What the task asks: Take every line from the entries below that includes the word "exists" and copy it.

Saved data entries:
·····
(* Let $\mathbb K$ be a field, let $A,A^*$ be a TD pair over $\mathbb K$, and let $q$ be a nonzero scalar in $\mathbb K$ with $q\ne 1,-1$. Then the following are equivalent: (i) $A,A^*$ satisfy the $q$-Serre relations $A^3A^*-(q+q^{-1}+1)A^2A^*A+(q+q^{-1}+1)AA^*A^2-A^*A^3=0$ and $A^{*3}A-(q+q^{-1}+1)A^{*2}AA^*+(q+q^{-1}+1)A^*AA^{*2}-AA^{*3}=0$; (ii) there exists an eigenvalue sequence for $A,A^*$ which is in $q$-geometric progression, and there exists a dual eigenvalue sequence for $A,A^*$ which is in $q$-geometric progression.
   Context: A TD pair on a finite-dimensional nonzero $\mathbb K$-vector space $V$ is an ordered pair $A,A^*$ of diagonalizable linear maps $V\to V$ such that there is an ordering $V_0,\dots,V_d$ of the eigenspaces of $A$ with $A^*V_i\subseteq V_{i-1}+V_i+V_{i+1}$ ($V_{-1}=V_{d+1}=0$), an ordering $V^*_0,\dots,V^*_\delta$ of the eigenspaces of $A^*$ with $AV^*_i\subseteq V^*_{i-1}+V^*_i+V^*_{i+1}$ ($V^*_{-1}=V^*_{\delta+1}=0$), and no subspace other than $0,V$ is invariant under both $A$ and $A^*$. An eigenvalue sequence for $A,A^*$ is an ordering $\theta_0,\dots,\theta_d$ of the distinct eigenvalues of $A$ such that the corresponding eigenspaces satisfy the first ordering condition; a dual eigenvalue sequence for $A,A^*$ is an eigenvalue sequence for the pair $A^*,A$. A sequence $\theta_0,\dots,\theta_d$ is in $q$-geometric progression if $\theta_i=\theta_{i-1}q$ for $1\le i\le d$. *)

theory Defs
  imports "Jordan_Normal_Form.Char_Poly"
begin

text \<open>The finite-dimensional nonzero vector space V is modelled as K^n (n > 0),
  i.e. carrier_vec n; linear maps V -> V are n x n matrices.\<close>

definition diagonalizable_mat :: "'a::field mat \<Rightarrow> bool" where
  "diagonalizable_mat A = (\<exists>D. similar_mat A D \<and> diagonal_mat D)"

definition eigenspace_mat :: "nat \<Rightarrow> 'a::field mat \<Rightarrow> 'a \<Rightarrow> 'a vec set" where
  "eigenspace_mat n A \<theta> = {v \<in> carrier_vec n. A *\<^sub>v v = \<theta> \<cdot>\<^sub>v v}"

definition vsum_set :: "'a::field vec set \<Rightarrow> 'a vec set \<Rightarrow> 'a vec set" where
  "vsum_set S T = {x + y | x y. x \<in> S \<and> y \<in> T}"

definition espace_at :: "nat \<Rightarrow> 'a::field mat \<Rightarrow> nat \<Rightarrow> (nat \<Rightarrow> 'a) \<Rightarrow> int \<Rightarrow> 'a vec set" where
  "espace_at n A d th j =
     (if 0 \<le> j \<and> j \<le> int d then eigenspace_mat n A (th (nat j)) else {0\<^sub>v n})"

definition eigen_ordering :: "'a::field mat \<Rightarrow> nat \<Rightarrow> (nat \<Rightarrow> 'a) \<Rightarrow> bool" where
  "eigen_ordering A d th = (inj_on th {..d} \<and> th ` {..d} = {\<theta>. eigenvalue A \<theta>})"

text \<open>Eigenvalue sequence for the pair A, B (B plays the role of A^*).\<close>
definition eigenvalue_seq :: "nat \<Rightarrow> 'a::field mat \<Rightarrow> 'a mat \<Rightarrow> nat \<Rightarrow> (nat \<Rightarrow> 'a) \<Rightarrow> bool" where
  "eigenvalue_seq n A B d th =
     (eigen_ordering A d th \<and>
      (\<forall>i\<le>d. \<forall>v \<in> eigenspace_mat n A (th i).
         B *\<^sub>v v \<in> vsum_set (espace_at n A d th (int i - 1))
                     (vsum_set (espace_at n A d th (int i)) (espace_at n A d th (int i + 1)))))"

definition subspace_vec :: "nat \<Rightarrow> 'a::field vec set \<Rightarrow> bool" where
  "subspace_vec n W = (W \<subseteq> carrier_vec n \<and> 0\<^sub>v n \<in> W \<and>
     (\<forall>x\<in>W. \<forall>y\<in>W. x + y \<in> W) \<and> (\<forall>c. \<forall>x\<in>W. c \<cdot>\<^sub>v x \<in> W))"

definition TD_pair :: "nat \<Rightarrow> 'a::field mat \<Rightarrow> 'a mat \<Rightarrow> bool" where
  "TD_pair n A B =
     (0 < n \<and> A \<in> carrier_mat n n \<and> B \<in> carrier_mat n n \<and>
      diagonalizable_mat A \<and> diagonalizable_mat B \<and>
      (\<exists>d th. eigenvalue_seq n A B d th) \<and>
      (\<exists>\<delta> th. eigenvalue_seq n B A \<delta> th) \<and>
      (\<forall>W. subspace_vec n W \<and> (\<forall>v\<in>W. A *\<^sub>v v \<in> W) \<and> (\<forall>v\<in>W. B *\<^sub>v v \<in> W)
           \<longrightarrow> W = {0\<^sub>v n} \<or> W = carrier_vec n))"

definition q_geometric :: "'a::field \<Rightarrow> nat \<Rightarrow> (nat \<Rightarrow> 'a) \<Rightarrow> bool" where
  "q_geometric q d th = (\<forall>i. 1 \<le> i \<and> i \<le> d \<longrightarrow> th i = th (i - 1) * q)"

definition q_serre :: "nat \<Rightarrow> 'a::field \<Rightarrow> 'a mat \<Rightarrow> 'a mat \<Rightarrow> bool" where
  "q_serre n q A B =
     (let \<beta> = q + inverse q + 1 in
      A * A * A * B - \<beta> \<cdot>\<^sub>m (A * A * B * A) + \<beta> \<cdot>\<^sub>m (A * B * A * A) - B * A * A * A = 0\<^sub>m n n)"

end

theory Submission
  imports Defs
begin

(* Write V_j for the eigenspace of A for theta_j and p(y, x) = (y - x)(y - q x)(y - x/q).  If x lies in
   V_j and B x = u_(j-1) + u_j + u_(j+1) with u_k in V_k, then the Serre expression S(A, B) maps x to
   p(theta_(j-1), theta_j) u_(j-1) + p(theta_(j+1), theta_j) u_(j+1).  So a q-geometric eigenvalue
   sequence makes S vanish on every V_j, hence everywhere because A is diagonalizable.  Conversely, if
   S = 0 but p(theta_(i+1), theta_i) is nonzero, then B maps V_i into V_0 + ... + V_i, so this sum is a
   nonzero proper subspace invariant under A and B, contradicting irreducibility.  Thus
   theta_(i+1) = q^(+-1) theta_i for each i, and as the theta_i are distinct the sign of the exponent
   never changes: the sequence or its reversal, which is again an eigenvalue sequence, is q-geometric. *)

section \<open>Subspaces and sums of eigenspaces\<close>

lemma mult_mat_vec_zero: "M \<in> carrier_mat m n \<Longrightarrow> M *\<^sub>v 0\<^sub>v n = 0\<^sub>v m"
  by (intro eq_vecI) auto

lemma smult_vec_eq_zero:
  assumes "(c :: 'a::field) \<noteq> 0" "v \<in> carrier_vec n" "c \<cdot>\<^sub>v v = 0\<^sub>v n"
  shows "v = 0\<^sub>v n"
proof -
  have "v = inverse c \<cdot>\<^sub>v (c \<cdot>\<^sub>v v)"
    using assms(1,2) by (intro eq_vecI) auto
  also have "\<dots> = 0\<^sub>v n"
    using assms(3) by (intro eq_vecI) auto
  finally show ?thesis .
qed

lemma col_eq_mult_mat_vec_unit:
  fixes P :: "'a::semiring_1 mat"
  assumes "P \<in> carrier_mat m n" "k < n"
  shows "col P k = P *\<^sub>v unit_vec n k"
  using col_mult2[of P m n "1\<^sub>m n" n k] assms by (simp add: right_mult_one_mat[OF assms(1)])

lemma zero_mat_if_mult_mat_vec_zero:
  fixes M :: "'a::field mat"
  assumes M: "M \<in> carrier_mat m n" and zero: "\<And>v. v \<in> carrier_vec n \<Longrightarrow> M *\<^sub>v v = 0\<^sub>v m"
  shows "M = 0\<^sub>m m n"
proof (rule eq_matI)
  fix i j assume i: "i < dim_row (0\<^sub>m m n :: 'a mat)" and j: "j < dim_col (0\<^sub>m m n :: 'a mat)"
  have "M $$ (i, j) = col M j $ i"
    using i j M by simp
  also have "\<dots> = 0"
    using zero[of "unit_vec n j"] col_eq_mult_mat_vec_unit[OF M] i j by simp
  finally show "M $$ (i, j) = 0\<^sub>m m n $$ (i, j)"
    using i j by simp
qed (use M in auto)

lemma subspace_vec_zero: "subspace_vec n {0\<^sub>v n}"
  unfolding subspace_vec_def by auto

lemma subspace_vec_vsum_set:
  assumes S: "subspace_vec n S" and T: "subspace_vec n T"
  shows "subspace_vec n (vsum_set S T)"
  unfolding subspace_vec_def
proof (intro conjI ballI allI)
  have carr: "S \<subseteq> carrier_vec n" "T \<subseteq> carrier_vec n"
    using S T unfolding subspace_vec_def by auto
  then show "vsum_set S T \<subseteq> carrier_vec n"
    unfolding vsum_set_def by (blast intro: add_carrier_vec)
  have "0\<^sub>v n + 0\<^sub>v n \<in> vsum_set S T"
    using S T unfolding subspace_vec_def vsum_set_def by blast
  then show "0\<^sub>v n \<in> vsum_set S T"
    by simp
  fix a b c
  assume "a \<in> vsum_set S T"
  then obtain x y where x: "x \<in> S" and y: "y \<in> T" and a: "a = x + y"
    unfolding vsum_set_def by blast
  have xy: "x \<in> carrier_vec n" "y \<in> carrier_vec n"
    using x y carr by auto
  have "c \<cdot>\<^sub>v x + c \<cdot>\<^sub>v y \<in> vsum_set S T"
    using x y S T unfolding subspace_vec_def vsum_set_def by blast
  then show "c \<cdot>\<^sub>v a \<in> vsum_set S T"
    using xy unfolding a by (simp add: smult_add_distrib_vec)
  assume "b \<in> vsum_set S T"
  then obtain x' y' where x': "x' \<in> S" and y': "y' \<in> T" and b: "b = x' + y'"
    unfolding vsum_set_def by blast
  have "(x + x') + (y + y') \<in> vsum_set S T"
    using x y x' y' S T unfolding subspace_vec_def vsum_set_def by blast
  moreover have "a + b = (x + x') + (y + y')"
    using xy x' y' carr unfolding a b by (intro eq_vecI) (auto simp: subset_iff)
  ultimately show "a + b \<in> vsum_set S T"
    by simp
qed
·····
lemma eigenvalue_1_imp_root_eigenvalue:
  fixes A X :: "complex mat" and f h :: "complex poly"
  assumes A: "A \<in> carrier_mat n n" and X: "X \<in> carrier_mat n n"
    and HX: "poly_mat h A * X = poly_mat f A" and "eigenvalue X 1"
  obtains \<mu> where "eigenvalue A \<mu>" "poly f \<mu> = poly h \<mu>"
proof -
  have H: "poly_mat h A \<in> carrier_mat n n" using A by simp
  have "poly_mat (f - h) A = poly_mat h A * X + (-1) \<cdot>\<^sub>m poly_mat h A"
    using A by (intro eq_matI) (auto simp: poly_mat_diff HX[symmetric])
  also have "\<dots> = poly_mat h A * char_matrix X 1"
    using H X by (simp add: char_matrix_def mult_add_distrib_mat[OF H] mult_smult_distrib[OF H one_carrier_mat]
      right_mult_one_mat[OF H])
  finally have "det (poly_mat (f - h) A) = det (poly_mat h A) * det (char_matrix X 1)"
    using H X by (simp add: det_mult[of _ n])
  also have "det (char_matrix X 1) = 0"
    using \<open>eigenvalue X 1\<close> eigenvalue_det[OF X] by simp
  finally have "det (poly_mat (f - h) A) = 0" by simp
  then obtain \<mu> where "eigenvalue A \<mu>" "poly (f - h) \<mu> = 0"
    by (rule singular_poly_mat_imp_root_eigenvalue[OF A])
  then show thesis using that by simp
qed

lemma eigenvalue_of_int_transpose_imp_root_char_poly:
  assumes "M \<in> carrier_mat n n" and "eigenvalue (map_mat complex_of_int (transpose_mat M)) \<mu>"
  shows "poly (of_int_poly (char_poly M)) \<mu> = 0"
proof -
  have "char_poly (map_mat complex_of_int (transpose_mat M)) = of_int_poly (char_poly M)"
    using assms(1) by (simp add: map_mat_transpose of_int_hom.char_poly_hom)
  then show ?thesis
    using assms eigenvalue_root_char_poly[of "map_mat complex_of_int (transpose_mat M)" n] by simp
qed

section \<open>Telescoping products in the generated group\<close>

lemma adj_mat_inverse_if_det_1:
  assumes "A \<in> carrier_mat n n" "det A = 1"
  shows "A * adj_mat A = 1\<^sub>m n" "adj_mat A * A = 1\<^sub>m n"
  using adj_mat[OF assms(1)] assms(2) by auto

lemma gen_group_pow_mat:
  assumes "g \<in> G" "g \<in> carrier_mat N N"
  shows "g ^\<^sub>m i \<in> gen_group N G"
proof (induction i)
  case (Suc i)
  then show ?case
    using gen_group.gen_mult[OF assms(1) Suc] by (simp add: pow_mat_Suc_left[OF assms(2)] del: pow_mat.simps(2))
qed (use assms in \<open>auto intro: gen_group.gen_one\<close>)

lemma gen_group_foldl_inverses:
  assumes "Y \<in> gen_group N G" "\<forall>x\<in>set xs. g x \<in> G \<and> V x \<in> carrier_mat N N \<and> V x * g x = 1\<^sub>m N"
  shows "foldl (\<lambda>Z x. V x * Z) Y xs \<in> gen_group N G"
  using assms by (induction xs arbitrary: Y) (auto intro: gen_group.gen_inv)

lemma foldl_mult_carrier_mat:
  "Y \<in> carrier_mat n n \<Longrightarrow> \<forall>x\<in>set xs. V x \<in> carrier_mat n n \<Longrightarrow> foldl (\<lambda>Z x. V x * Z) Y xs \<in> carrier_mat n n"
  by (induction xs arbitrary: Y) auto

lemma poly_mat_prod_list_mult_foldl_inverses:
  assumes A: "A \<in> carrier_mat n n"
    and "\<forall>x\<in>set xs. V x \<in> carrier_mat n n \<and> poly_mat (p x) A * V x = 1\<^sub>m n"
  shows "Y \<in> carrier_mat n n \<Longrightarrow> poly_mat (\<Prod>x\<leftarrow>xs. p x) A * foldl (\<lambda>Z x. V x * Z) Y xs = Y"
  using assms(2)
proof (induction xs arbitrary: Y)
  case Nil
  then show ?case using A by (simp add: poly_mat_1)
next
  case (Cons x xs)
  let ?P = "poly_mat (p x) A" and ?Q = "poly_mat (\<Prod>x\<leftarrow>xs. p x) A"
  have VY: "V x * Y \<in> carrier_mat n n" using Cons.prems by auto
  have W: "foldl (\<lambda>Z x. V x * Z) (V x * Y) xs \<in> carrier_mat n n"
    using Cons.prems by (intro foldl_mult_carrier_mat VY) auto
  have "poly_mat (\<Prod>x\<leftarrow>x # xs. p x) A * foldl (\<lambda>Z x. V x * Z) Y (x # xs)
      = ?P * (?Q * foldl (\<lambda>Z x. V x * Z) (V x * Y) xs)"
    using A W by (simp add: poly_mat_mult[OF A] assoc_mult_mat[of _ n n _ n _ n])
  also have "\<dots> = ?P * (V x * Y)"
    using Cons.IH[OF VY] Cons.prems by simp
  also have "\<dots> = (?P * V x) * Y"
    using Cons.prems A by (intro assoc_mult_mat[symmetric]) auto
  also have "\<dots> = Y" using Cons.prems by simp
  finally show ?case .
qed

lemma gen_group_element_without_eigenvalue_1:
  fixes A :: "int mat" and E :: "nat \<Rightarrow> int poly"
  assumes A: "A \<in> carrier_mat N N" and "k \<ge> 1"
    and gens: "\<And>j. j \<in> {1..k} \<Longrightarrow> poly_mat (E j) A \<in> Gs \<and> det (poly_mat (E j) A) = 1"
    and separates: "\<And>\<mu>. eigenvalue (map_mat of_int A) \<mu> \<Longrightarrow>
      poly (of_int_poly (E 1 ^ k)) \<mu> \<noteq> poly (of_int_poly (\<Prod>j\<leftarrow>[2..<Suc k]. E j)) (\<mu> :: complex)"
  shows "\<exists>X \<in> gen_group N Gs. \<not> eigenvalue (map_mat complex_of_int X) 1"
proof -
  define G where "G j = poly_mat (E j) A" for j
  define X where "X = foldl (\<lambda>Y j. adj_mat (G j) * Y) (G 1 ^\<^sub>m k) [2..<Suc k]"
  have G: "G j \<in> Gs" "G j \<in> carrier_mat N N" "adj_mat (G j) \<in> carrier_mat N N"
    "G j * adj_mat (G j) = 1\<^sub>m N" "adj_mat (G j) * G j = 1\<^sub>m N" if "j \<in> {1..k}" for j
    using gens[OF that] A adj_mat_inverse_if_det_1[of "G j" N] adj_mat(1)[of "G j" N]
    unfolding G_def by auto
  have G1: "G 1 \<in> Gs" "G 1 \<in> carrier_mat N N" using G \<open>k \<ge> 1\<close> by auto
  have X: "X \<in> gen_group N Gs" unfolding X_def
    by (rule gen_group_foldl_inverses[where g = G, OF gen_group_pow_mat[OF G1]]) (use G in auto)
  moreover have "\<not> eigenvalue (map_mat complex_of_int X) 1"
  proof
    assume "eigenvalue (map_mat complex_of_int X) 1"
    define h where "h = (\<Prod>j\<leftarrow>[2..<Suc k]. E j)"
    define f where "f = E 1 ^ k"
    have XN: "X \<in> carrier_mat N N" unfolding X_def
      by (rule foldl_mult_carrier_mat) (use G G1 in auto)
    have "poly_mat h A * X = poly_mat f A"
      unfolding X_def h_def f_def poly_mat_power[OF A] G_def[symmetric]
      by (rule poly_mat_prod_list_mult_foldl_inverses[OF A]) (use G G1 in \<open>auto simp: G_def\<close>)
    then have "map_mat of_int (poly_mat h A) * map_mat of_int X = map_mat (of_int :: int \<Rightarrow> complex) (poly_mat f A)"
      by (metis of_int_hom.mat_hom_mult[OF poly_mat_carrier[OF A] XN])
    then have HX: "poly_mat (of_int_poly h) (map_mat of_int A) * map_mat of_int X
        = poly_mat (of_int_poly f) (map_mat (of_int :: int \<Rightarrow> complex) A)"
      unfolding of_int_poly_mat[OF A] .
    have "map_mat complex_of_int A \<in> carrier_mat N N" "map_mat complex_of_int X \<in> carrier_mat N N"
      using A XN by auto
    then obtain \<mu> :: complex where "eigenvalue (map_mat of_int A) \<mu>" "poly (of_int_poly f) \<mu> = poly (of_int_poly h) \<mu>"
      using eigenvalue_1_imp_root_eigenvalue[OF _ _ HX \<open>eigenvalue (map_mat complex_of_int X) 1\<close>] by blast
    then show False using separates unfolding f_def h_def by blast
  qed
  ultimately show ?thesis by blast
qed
·····
Written solution:
(* Let $\mathbb K$ be a field, let $A,A^*$ be a TD pair over $\mathbb K$, and let $q$ be a nonzero scalar in $\mathbb K$ with $q\ne 1,-1$. Then the following are equivalent: (i) $A,A^*$ satisfy the $q$-Serre relations $A^3A^*-(q+q^{-1}+1)A^2A^*A+(q+q^{-1}+1)AA^*A^2-A^*A^3=0$ and $A^{*3}A-(q+q^{-1}+1)A^{*2}AA^*+(q+q^{-1}+1)A^*AA^{*2}-AA^{*3}=0$; (ii) there exists an eigenvalue sequence for $A,A^*$ which is in $q$-geometric progression, and there exists a dual eigenvalue sequence for $A,A^*$ which is in $q$-geometric progression.
  "diagonalizable_mat A = (\<exists>D. similar_mat A D \<and> diagonal_mat D)"
      (\<exists>d th. eigenvalue_seq n A B d th) \<and>
      (\<exists>\<delta> th. eigenvalue_seq n B A \<delta> th) \<and>
  shows "\<exists>X \<in> gen_group N Gs. \<not> eigenvalue (map_mat complex_of_int X) 1"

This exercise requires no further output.